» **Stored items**

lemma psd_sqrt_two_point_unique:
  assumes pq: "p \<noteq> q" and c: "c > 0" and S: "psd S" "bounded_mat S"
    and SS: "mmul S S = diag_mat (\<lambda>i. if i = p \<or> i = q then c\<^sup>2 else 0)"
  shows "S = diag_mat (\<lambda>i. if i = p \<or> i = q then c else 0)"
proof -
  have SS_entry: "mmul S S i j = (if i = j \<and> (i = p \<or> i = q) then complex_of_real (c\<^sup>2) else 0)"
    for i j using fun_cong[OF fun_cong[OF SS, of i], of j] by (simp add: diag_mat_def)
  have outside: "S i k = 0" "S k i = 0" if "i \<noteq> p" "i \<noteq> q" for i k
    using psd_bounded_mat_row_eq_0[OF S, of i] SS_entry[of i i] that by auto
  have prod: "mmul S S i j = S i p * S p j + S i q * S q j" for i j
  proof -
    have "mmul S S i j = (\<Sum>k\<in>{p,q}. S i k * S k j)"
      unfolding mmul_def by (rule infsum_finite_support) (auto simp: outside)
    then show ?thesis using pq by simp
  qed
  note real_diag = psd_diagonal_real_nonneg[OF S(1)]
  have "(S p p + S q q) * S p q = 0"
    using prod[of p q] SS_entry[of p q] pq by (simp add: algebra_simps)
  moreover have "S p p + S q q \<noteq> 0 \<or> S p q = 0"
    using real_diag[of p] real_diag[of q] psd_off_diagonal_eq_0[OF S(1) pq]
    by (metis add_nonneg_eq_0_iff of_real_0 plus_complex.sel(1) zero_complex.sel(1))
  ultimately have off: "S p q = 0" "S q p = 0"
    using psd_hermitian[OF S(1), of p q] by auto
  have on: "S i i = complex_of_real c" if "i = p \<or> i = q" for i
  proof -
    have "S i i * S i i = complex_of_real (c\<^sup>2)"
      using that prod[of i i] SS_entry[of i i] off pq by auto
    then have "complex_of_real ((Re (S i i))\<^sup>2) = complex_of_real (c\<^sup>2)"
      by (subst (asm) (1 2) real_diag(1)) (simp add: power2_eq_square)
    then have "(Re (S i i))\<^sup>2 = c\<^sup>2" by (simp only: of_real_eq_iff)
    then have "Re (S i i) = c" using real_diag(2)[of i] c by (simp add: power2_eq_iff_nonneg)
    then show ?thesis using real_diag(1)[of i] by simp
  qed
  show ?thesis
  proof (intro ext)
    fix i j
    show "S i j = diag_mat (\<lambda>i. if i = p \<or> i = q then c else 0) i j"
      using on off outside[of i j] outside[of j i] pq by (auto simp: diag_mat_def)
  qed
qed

---

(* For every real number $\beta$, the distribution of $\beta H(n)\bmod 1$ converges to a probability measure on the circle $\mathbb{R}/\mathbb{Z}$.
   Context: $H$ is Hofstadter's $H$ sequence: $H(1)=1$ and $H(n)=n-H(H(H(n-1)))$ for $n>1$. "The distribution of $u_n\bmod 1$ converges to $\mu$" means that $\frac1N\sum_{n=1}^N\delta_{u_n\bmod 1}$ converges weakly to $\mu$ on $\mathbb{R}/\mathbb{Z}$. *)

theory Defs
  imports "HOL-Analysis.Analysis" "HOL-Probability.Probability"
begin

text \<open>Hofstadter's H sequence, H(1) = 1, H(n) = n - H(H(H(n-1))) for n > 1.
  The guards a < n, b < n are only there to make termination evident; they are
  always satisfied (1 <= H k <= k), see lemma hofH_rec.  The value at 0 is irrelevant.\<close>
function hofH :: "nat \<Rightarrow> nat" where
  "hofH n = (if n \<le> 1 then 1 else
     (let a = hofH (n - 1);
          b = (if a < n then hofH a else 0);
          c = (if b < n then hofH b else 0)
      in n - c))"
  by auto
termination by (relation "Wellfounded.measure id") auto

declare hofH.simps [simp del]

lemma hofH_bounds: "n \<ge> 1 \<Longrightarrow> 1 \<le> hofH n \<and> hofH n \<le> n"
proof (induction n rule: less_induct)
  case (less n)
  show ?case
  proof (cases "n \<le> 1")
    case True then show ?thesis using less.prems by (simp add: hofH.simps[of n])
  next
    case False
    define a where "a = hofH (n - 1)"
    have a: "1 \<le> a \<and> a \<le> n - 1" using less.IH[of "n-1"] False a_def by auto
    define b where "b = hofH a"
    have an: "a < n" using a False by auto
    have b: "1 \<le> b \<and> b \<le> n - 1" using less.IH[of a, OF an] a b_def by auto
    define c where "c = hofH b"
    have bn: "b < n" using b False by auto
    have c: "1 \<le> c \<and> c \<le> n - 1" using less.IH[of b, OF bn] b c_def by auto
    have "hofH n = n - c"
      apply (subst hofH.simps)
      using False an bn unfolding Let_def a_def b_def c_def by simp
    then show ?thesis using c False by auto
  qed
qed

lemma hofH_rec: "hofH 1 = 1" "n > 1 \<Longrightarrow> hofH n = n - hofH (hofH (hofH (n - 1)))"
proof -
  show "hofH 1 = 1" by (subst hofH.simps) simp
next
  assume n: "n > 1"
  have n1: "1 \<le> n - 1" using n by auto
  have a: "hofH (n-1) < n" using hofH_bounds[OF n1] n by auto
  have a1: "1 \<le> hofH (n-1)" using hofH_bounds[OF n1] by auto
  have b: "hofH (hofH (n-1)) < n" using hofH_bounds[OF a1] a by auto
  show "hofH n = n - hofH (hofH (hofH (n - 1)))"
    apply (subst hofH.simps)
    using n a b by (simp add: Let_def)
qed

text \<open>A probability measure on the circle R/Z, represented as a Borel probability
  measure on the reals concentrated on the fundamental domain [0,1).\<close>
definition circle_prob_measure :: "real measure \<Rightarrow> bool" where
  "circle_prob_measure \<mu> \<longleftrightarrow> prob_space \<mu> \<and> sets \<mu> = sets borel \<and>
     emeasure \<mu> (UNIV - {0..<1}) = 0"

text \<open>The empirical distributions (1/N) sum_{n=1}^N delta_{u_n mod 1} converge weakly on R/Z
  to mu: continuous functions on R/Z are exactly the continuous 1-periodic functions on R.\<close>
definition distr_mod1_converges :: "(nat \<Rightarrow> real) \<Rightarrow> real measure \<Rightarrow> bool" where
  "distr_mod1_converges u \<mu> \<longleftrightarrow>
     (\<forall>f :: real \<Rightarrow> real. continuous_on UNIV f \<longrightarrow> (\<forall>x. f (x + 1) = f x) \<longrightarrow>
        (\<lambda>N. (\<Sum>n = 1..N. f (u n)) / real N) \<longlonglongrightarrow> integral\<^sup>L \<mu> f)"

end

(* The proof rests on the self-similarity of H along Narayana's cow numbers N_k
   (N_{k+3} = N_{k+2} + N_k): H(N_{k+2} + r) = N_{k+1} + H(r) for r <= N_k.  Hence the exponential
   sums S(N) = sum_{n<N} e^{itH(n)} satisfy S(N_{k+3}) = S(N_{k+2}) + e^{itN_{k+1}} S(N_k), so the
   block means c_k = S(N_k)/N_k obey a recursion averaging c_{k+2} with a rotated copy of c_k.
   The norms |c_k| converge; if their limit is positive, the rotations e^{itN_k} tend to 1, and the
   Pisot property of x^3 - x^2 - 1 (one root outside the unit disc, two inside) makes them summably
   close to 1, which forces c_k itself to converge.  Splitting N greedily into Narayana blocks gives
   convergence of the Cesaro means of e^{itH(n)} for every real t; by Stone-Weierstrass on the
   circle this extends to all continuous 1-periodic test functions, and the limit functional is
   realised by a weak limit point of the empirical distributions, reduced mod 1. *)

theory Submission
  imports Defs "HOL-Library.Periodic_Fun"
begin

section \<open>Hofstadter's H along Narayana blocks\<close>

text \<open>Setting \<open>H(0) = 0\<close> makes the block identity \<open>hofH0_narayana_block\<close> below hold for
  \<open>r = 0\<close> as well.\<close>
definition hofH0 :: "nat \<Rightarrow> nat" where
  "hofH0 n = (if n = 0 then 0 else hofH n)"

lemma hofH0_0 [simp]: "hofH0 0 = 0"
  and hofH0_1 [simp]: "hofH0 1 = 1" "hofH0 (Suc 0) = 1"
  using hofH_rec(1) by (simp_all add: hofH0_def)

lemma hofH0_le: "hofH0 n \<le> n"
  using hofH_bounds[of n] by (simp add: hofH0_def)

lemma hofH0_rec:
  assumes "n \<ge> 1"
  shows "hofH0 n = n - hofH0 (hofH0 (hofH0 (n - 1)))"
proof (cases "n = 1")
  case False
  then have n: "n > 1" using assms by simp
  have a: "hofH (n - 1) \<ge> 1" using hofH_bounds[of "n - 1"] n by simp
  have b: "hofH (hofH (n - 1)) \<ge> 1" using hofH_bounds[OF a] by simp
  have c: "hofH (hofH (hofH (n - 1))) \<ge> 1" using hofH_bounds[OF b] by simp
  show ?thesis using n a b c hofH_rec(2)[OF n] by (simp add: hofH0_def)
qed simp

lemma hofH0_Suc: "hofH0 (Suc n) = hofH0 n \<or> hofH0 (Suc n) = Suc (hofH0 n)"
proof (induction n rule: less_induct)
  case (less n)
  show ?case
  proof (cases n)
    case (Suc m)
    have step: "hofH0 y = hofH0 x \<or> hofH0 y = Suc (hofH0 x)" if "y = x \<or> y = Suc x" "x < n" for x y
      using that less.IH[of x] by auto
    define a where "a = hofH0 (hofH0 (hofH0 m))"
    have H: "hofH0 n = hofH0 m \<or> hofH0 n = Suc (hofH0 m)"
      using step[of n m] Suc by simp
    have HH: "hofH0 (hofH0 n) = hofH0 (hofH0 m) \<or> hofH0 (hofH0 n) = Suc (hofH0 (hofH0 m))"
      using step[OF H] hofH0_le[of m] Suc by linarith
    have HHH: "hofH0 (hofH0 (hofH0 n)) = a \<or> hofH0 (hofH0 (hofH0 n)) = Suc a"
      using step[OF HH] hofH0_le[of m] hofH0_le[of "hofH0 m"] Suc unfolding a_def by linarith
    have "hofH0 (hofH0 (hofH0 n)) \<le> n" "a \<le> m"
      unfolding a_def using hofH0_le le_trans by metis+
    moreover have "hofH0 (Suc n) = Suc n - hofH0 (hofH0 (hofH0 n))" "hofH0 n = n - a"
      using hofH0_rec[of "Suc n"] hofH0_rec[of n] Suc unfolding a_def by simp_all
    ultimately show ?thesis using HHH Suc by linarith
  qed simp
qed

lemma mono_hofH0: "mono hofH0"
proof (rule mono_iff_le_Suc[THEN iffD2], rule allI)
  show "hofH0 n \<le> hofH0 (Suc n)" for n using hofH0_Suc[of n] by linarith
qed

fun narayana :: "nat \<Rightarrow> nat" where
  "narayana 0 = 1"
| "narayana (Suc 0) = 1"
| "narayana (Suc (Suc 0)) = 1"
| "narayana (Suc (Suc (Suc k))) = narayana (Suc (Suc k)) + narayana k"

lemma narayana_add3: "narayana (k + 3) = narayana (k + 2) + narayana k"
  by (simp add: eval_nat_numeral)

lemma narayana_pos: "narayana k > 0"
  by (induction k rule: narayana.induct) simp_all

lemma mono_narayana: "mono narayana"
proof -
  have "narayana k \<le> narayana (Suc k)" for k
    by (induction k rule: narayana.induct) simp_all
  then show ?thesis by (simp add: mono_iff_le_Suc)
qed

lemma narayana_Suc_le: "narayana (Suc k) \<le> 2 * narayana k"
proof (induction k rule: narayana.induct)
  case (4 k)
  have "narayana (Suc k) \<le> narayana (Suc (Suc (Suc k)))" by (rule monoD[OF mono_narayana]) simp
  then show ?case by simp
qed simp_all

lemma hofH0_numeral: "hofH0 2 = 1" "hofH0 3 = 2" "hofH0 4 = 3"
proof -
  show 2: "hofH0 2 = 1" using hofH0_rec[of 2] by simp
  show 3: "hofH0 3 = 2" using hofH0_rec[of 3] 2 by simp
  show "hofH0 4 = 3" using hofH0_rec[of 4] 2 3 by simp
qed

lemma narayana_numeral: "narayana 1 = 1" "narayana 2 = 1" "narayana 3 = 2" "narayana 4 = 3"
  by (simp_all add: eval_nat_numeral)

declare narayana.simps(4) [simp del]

» **ACTIVITY**
Given the data above, transcribe exactly the lines from the one containing "theory Defs" down to the one containing "define c where", and no others.

» **THE COMPLETED TASK**
theory Defs
  imports "HOL-Analysis.Analysis" "HOL-Probability.Probability"
begin

text \<open>Hofstadter's H sequence, H(1) = 1, H(n) = n - H(H(H(n-1))) for n > 1.
  The guards a < n, b < n are only there to make termination evident; they are
  always satisfied (1 <= H k <= k), see lemma hofH_rec.  The value at 0 is irrelevant.\<close>
function hofH :: "nat \<Rightarrow> nat" where
  "hofH n = (if n \<le> 1 then 1 else
     (let a = hofH (n - 1);
          b = (if a < n then hofH a else 0);
          c = (if b < n then hofH b else 0)
      in n - c))"
  by auto
termination by (relation "Wellfounded.measure id") auto

declare hofH.simps [simp del]

lemma hofH_bounds: "n \<ge> 1 \<Longrightarrow> 1 \<le> hofH n \<and> hofH n \<le> n"
proof (induction n rule: less_induct)
  case (less n)
  show ?case
  proof (cases "n \<le> 1")
    case True then show ?thesis using less.prems by (simp add: hofH.simps[of n])
  next
    case False
    define a where "a = hofH (n - 1)"
    have a: "1 \<le> a \<and> a \<le> n - 1" using less.IH[of "n-1"] False a_def by auto
    define b where "b = hofH a"
    have an: "a < n" using a False by auto
    have b: "1 \<le> b \<and> b \<le> n - 1" using less.IH[of a, OF an] a b_def by auto
    define c where "c = hofH b"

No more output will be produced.